Wake Fútbol Club is an American soccer club based in Holly Springs, NC. The team currently participates in USL League Two, a semi-professional soccer league organised by the United Soccer League.

The club was established in 2012 and plays its home games at Ting Stadium, with capacity for 1,800 spectators.

== History ==
Wake FC was founded in 2012 by a group of local soccer leaders in Wake County, North Carolina, with the goal of providing a community- and character-driven development pathway from youth to competitive soccer.

=== Expansion into semi-professional play ===
In April 2018, the club announced the launch of semi-professional teams in both men's and women's divisions. Their aim was to integrate the youth academy into higher-level competition by adding senior teams that could compete in national leagues.

==== Men's team====
The men's team debuted in USL League Two (formerly the PDL) during the 2019 season. USL League Two is a top-level pre-professional summer league for U-23 players, including college athletes. It was rebranded from the Premier Development League in 2019 (the same year Wake FC joined), emphasising elite talent and serving as a key entry point to professional ranks.

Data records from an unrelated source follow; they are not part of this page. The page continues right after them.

(* Consider the packet spreading algorithm described in the context with any $N\ge 2$. For every iteration $k\in\{0,1,\dots,K-1\}$, letting $i=m_k$ be the source selected in iteration $k$, we have for every source $j\neq i$ $$\tilde Q_j^{k+1}=\frac{x_j^k+1}{K_j}-\frac{x_i^k}{K_i}.$$
   Context: Packet spreading algorithm: Let $N\ge 2$, let $K_1,\dots,K_N$ be positive integers and $K=\sum_{n=1}^N K_n$. The algorithm runs iterations $k=0,1,\dots,K-1$ and maintains deficit counters $B_n^k$, $1\le n\le N$, with $B_n^0=0$ for all $n$. In iteration $k$, define the quantums $Q_n^k=\frac{(1-B_n^k)K}{K_n}$; select a source $m_k\in\arg\min_{1\le n\le N} Q_n^k$ (ties broken arbitrarily); let $Q=Q_{m_k}^k$; set $B_n^{k+1}=B_n^k+Q\frac{K_n}{K}$ for $n\neq m_k$ and $B_{m_k}^{k+1}=0$; and set the $k$-th entry of the output pattern to $P(k)=m_k$. Normalized quantums: $\tilde Q_n^k=Q_n^k/K=(1-B_n^k)/K_n$. For $0\le k\le K-1$, $x_n^k$ denotes the number of indices $k'\in\{0,\dots,k\}$ with $m_{k'}=n$, i.e. the number of source-$n$ instances inserted into the pattern after iteration $k$. *)

theory Defs
  imports Complex_Main
begin

text \<open>A run is described by its selection sequence m :: nat \<Rightarrow> nat (m k = m_k);
  deficit counters are determined by m.\<close>

definition total_K :: "nat \<Rightarrow> (nat \<Rightarrow> nat) \<Rightarrow> nat" where
  "total_K N Kn = (\<Sum>n=1..N. Kn n)"

fun defB :: "nat \<Rightarrow> (nat \<Rightarrow> nat) \<Rightarrow> (nat \<Rightarrow> nat) \<Rightarrow> nat \<Rightarrow> nat \<Rightarrow> real" where
  "defB N Kn m 0 n = 0"
| "defB N Kn m (Suc k) n =
     (if n = m k then 0
      else defB N Kn m k n
           + ((1 - defB N Kn m k (m k)) * real (total_K N Kn) / real (Kn (m k)))
             * real (Kn n) / real (total_K N Kn))"

definition quantum :: "nat \<Rightarrow> (nat \<Rightarrow> nat) \<Rightarrow> (nat \<Rightarrow> nat) \<Rightarrow> nat \<Rightarrow> nat \<Rightarrow> real" where
  "quantum N Kn m k n = (1 - defB N Kn m k n) * real (total_K N Kn) / real (Kn n)"

definition nquantum :: "nat \<Rightarrow> (nat \<Rightarrow> nat) \<Rightarrow> (nat \<Rightarrow> nat) \<Rightarrow> nat \<Rightarrow> nat \<Rightarrow> real" where
  "nquantum N Kn m k n = quantum N Kn m k n / real (total_K N Kn)"

definition valid_run :: "nat \<Rightarrow> (nat \<Rightarrow> nat) \<Rightarrow> (nat \<Rightarrow> nat) \<Rightarrow> bool" where
  "valid_run N Kn m \<longleftrightarrow>
     (\<forall>k < total_K N Kn. m k \<in> {1..N} \<and>
        (\<forall>n \<in> {1..N}. quantum N Kn m k (m k) \<le> quantum N Kn m k n))"

definition count_x :: "(nat \<Rightarrow> nat) \<Rightarrow> nat \<Rightarrow> nat \<Rightarrow> nat" where
  "count_x m n k = card {k' \<in> {0..k}. m k' = n}"

end

theory Submission
  imports Defs
begin

text \<open>With i = m k, the normalized quantums evolve by Q(k+1, n) = Q(k, n) - Q(k, i) for n \<noteq> i
  and Q(k+1, i) = 1 / K i: every quantum is shifted by the same amount and the selected one is
  reset. By induction on k, Q(k+1, n) = (x n k + 1) / K n - x i k / K i for every source n, the
  reset of source i being exactly the extra instance counted in x i k.\<close>

lemma nquantum_eq:
  assumes "total_K N Kn > 0"
  shows "nquantum N Kn m k n = (1 - defB N Kn m k n) / real (Kn n)"
  using assms unfolding nquantum_def quantum_def by (cases "Kn n = 0") (simp_all add: field_simps)

lemma nquantum_0:
  assumes "total_K N Kn > 0"
  shows "nquantum N Kn m 0 n = 1 / real (Kn n)"
  using assms by (simp add: nquantum_eq)

lemma nquantum_Suc:
  assumes "total_K N Kn > 0" and "Kn n > 0" and "Kn (m k) > 0"
  shows "nquantum N Kn m (Suc k) n =
    (if n = m k then 1 / real (Kn n) else nquantum N Kn m k n - nquantum N Kn m k (m k))"
  using assms by (simp add: nquantum_eq field_simps)

lemma count_x_0: "count_x m n 0 = (if m 0 = n then 1 else 0)"
  unfolding count_x_def by (simp add: Collect_conv_if)

lemma count_x_Suc: "count_x m n (Suc k) = count_x m n k + (if m (Suc k) = n then 1 else 0)"
proof -
  have "{k' \<in> {0..Suc k}. m k' = n} =
      (if m (Suc k) = n then insert (Suc k) {k' \<in> {0..k}. m k' = n} else {k' \<in> {0..k}. m k' = n})"
    by (auto simp: le_Suc_eq)
  then show ?thesis unfolding count_x_def by auto
qed

lemma nquantum_Suc_count_x:
  assumes K: "total_K N Kn > 0"
    and selected_pos: "\<And>k'. k' \<le> k \<Longrightarrow> Kn (m k') > 0"
    and "Kn n > 0"
  shows "nquantum N Kn m (Suc k) n
           = real (count_x m n k + 1) / real (Kn n) - real (count_x m (m k) k) / real (Kn (m k))"
  using selected_pos \<open>Kn n > 0\<close>
proof (induction k arbitrary: n)
  case 0
  then show ?case
    using nquantum_Suc[OF K, of n m 0] by (simp add: nquantum_0[OF K] count_x_0)
next
  case (Suc k)
  have pos_k: "Kn (m (Suc k)) > 0" using Suc.prems(1) by blast
  show ?case
  proof (cases "n = m (Suc k)")
    case True
    then show ?thesis
      using nquantum_Suc[OF K, of n m "Suc k"] \<open>Kn n > 0\<close> pos_k by (simp add: field_simps)
  next
    case False
    have IH: "nquantum N Kn m (Suc k) n'
        = real (count_x m n' k + 1) / real (Kn n') - real (count_x m (m k) k) / real (Kn (m k))"
      if "Kn n' > 0" for n'
      using Suc.IH[OF _ that] Suc.prems(1) by simp
    show ?thesis
      using nquantum_Suc[OF K, of n m "Suc k"] \<open>Kn n > 0\<close> pos_k False IH[OF \<open>Kn n > 0\<close>] IH[OF pos_k]
      by (simp add: count_x_Suc field_simps)
  qed
qed

theorem mainTheorem4:
  fixes N :: nat and Kn :: "nat \<Rightarrow> nat" and m :: "nat \<Rightarrow> nat"
  assumes "N \<ge> 2"
    and "\<forall>n \<in> {1..N}. Kn n > 0"
    and "valid_run N Kn m"
    and "k < total_K N Kn"
    and "j \<in> {1..N}" and "j \<noteq> m k"
  shows "nquantum N Kn m (Suc k) j
           = real (count_x m j k + 1) / real (Kn j) - real (count_x m (m k) k) / real (Kn (m k))"
proof (rule nquantum_Suc_count_x)
  show "total_K N Kn > 0" using assms(4) by simp
  show "Kn (m k') > 0" if "k' \<le> k" for k'
    using assms(2-4) that unfolding valid_run_def by auto
  show "Kn j > 0" using assms(2,5) by blast
qed

end
theorem mainTheorem7:
  fixes n :: nat and s :: "complex list" and p :: complex
  assumes "n \<ge> 2" and "length s = n - 1" and "norm p \<noteq> 1"
  shows "s @ [p] \<in> symm_polydisc n \<longleftrightarrow>
    (s @ [p] \<in> Gtilde n \<and>
     map (\<lambda>j. (s ! (j - 1) - cnj (s ! (n - j - 1)) * p) / complex_of_real (1 - (norm p)^2)) [1..<n]
       \<in> symm_polydisc (n - 1))"
proof -
  define w where "w = s @ [p]"
  define Q where "Q = map (\<lambda>j. (s ! (j - 1) - cnj (s ! (n - j - 1)) * p) / complex_of_real (1 - (norm p)^2)) [1..<n]"
  have n: "n \<ge> 1" "n - 1 \<ge> 1" and len: "length w = n" "length Q = n - 1"
    and p: "sym_coeff w n = p"
    using assms(1,2) by (simp_all add: w_def Q_def sym_coeff_def nth_append)
  have Q_schur: "sym_coeff Q j = schur_coeff n (sym_coeff w) j" if "j \<le> n - 1" for j
    unfolding Q_def w_def using sym_coeff_schur_point n(1) assms(2,3) that .
  have "norm p < 1" if "w \<in> symm_polydisc n"
    using symm_polydisc_coeff_bound[OF that, of n] n p by simp
  moreover have "norm p < 1" if "w \<in> Gtilde n"
    using that assms(1,2) by (simp add: Gtilde_def w_def nth_append)
  moreover have "w \<in> symm_polydisc n \<longleftrightarrow> Q \<in> symm_polydisc (n - 1)" if "norm p < 1"
    using that assms(1) by (intro symm_polydisc_iff_schur len Q_schur) (simp_all add: p)
  moreover have "w \<in> Gtilde n" if "Q \<in> symm_polydisc (n - 1)" "norm p < 1"
    using that symm_polydisc_coeff_bound[OF that(1)]
    by (intro Gtilde_if_schur_coeff_bound len n) (simp_all add: p flip: Q_schur)
  ultimately show ?thesis
    unfolding w_def[symmetric] Q_def[symmetric] by blast
qed

end
lemma sum_sqnorm_euler_kraus: assumes "t \<ge> 0"
  shows "(\<Sum>k\<in>{0..m}. sqnorm d (mvec d (euler_kraus t k) a))
    = sqnorm d a + t * Re (sform d mat_M a a) + t\<^sup>2 * sqnorm d (mvec d A a)"
proof -
  have "sqnorm d (mvec d (euler_kraus t 0) a)
      = sqnorm d a + 2 * t * Re (\<Sum>i<d. cnj (a i) * mvec d A a i) + t\<^sup>2 * sqnorm d (mvec d A a)"
    unfolding sqnorm_add_scale[symmetric] by (rule sqnorm_cong) (simp add: mvec_euler_kraus_0)
  moreover have "sqnorm d (mvec d (euler_kraus t k) a) = t * sqnorm d (mvec d (B k) a)" if "k \<in> {1..m}" for k
  proof -
    have "sqnorm d (mvec d (euler_kraus t k) a) = sqnorm d (\<lambda>i. complex_of_real (sqrt t) * mvec d (B k) a i)"
      using that by (intro sqnorm_cong) (simp add: mvec_euler_kraus)
    thus ?thesis unfolding sqnorm_scale using assms by simp
  qed
  ultimately show ?thesis
    unfolding sum_atLeast0_atMost Re_sform_mat_M by (simp add: sum_distrib_left algebra_simps)
qed

lemma sum_sform_euler_kraus: assumes "t \<ge> 0"
  shows "(\<Sum>k\<in>{0..m}. sform d Y (mvec d (euler_kraus t k) a) (mvec d (euler_kraus t k) b))
    = sform d Y a b + complex_of_real t * (\<Sum>i<d. \<Sum>j<d. cnj (a i) * lindblad_dual Y i j * b j)
      + complex_of_real (t\<^sup>2) * sform d Y (mvec d A a) (mvec d A b)"
proof -
  have "sform d Y (mvec d (euler_kraus t 0) a) (mvec d (euler_kraus t 0) b)
      = sform d Y (\<lambda>i. a i + complex_of_real t * mvec d A a i) (\<lambda>i. b i + complex_of_real t * mvec d A b i)"
    by (intro trans[OF sform_cong_left sform_cong_right]) (simp_all add: mvec_euler_kraus_0)
  also have "\<dots> = sform d Y a b + complex_of_real t * (sform d Y (mvec d A a) b + sform d Y a (mvec d A b))
      + complex_of_real (t\<^sup>2) * sform d Y (mvec d A a) (mvec d A b)"
    unfolding sform_add_scale_left sform_add_scale_right by (simp add: algebra_simps power2_eq_square)
  finally have G0: "sform d Y (mvec d (euler_kraus t 0) a) (mvec d (euler_kraus t 0) b) = \<dots>" .
  have Gk: "sform d Y (mvec d (euler_kraus t k) a) (mvec d (euler_kraus t k) b)
      = complex_of_real t * sform d Y (mvec d (B k) a) (mvec d (B k) b)" if "k \<in> {1..m}" for k
  proof -
    have "sform d Y (mvec d (euler_kraus t k) a) (mvec d (euler_kraus t k) b)
        = sform d Y (\<lambda>i. complex_of_real (sqrt t) * mvec d (B k) a i) (\<lambda>i. complex_of_real (sqrt t) * mvec d (B k) b i)"
      using that by (intro trans[OF sform_cong_left sform_cong_right]) (simp_all add: mvec_euler_kraus)
    thus ?thesis unfolding sform_scale using assms by simp
  qed
  show ?thesis
    unfolding sum_atLeast0_atMost G0 sform_lindblad_dual
    by (simp add: Gk sum_distrib_left algebra_simps)
qed

lemma sum_sqnorm_euler_kraus_le: assumes "d > 0" "t \<ge> 0"
  shows "(\<Sum>k\<in>{0..m}. sqnorm d (mvec d (euler_kraus t k) a))
    \<le> (1 + t * spectral_abscissa mat_M + t\<^sup>2 * frobenius_sq d A) * sqnorm d a"
proof -
  have "t * Re (sform d mat_M a a) \<le> t * (spectral_abscissa mat_M * sqnorm d a)"
    using hermitian_rayleigh(2)[OF mat_M_carrier mat_M_hermitian assms(1)] assms(2) by (rule mult_left_mono)
  moreover have "t\<^sup>2 * sqnorm d (mvec d A a) \<le> t\<^sup>2 * (frobenius_sq d A * sqnorm d a)"
    using sqnorm_mvec_le_frobenius by (rule mult_left_mono) simp
  ultimately show ?thesis unfolding sum_sqnorm_euler_kraus[OF assms(2)] by (simp add: algebra_simps)
qed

Wake FC began its inaugural season in USL League Two in 2019 and revealed its logo ahead of their first match on May 11 against NC Fusion U-23. Wake FC competes in the South Atlantic Division.

==== Women's team====
In 2021, the United Soccer League announced that Wake FC had been admitted to the newly formed USL W League. The club became the second North Carolina side to join the competition, which planned to begin play in 2022. Club vice president Scott Zapko described the league as a significant opportunity for local female players, noting Wake FC's prior experience with USL operations and earlier versions of the W League.

=== Development infrastructure ===
The club's mission has consistently remained player development-focused. Wake FC integrates its youth academy with the senior sides, allowing U-23 academy players to train and play alongside collegiate athletes in USL League Two.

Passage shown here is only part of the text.